**What to work on:** Only the lines holding "close" are wanted. Copy every one from the records below.

**Stored data entries:**
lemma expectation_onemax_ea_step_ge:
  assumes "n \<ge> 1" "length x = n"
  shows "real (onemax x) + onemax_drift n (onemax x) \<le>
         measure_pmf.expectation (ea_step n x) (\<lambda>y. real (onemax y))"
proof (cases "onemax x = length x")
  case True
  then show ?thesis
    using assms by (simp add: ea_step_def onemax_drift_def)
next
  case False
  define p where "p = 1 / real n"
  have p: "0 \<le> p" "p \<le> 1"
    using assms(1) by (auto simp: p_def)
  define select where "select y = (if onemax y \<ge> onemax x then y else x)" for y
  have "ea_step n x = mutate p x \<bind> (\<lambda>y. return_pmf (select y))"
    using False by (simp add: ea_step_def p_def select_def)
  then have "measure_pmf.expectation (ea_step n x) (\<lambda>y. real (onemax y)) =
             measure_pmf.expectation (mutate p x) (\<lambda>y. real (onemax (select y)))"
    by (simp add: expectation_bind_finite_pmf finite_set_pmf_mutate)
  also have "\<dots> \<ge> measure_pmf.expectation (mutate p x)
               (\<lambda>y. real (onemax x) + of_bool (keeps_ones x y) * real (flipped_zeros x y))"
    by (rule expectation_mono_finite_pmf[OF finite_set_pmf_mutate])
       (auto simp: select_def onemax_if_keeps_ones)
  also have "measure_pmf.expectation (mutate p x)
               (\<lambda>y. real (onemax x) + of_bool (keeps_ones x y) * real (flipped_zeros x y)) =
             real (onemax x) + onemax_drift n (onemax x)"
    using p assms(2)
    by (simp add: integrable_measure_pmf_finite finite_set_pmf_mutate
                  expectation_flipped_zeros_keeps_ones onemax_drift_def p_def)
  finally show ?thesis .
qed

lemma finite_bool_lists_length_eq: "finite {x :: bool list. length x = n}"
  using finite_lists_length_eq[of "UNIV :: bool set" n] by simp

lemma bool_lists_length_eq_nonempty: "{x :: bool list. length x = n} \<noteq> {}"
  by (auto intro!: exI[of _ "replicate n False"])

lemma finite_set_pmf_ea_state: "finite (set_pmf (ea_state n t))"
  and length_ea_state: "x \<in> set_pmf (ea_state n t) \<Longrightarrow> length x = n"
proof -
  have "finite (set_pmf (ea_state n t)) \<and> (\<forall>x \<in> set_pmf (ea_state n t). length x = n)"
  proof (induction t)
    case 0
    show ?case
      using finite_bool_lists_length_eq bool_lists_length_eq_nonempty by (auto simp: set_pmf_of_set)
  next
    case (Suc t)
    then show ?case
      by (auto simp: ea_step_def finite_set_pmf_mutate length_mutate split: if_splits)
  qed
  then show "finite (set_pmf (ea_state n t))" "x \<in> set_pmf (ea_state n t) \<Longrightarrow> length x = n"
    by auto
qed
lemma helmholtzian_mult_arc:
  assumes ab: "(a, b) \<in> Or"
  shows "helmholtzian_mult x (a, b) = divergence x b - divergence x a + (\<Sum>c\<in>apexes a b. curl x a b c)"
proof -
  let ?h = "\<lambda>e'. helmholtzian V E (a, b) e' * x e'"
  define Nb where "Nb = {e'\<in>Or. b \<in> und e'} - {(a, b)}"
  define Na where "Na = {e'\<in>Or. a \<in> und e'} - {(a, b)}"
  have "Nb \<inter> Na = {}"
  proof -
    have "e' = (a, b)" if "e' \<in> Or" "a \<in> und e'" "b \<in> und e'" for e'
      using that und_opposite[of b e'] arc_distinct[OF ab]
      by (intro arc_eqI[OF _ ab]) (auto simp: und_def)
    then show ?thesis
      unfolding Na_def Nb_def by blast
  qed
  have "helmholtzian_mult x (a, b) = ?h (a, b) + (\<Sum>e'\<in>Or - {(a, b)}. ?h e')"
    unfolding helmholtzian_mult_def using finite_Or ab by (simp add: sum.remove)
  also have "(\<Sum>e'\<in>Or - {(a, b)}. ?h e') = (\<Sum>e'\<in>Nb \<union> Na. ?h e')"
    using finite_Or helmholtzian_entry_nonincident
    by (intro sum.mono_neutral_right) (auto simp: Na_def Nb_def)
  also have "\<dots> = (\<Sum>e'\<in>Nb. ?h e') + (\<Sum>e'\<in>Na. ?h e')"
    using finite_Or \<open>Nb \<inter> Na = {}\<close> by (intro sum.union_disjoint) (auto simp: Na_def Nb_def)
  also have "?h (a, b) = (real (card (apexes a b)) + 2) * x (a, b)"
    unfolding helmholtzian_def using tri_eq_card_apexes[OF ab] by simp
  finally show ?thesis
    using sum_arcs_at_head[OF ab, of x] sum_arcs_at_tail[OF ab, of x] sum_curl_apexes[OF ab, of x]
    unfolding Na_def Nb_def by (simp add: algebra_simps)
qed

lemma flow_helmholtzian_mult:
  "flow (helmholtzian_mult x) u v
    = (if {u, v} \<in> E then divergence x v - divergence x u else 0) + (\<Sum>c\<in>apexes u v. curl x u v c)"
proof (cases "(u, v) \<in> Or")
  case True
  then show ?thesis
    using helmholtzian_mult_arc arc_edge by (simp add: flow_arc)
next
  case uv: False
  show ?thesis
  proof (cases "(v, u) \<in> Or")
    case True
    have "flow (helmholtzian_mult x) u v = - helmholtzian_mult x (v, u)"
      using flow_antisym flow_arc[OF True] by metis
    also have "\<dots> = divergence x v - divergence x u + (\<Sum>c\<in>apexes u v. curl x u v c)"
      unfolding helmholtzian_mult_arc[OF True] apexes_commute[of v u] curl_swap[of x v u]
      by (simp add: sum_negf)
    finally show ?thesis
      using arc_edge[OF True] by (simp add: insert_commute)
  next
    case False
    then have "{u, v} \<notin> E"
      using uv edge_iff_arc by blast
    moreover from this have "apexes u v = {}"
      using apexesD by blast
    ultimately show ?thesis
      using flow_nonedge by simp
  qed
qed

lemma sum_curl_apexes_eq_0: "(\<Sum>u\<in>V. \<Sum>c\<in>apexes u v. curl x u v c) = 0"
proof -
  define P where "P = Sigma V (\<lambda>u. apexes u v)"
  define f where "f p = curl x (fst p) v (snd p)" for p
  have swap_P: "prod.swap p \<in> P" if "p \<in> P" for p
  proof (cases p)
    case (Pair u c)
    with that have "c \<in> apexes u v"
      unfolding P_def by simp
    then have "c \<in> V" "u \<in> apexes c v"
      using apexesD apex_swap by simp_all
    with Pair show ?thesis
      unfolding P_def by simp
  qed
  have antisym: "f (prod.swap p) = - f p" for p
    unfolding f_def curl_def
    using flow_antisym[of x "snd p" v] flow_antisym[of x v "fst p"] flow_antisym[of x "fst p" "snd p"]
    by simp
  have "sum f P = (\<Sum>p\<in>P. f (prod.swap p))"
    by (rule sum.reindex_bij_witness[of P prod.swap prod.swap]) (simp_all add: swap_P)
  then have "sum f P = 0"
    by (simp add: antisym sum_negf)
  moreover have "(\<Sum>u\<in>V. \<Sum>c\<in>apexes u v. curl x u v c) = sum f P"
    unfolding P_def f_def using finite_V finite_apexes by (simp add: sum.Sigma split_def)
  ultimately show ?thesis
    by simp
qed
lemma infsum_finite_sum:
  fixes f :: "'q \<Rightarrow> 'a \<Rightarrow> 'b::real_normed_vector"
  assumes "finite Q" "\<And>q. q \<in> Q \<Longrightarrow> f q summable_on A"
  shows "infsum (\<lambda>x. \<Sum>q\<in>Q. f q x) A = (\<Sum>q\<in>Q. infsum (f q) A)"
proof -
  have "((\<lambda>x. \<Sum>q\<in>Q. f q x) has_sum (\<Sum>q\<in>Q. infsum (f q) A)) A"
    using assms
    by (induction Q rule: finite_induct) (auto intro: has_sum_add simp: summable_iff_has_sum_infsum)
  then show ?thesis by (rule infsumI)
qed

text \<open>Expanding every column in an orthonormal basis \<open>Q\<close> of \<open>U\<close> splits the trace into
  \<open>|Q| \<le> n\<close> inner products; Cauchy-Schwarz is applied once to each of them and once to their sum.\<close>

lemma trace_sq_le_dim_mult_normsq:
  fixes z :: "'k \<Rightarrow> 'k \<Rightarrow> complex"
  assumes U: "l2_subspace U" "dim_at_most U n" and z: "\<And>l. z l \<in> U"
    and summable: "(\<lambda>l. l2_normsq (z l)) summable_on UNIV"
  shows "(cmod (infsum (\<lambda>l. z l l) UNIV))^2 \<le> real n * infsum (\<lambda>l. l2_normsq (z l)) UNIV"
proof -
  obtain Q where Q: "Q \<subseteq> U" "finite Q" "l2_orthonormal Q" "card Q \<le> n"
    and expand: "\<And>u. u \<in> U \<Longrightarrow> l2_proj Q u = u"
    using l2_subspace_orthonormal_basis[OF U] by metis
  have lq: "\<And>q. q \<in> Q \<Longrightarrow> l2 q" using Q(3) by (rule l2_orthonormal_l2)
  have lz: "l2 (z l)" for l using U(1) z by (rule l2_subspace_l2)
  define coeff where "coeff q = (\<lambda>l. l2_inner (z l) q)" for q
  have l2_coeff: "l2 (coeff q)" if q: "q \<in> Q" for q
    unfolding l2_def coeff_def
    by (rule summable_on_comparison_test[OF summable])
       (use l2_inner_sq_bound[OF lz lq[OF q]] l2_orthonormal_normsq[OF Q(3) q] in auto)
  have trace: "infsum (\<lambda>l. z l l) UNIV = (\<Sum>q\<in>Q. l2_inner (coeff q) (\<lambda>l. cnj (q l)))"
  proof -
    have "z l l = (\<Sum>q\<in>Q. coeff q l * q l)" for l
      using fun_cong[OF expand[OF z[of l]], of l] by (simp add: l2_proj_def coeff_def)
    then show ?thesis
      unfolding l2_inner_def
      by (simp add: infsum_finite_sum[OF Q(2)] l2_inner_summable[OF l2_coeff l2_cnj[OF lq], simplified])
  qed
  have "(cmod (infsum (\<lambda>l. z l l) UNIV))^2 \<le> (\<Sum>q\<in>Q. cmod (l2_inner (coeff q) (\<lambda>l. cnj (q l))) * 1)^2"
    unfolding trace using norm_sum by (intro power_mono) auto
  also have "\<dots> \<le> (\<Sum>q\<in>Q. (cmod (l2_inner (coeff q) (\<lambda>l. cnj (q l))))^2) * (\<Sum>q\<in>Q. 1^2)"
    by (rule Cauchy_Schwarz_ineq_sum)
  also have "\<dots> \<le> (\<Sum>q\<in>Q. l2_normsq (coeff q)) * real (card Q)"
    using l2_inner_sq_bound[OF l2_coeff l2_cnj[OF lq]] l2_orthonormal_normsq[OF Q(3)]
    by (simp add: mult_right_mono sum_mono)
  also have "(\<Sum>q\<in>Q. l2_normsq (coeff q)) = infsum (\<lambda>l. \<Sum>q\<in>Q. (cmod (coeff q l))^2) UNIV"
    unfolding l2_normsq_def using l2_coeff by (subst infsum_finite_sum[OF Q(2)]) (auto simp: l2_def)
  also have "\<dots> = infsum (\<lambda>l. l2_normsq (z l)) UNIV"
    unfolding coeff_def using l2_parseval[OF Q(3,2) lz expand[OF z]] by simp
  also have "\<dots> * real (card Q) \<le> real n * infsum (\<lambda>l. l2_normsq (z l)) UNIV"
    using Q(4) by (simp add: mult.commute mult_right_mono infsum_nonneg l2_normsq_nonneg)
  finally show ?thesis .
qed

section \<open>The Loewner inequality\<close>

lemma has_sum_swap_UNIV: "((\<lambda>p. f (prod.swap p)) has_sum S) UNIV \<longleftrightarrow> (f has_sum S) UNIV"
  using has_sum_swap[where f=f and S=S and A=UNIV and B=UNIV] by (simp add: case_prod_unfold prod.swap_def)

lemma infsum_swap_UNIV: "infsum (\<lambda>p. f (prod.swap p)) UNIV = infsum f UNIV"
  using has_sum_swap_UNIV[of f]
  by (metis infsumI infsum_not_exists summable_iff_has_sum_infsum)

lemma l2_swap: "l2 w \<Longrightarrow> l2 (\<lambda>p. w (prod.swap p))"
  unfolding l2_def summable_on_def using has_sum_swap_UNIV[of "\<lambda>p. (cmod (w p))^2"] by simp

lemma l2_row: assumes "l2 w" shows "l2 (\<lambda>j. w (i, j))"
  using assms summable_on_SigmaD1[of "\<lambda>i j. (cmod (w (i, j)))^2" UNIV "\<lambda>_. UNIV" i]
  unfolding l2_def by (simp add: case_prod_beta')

**Result of the exercise:**
    using finite_Or \<open>Nb \<inter> Na = {}\<close> by (intro sum.union_disjoint) (auto simp: Na_def Nb_def)
text \<open>Expanding every column in an orthonormal basis \<open>Q\<close> of \<open>U\<close> splits the trace into
  \<open>|Q| \<le> n\<close> inner products; Cauchy-Schwarz is applied once to each of them and once to their sum.\<close>
section \<open>The Loewner inequality\<close>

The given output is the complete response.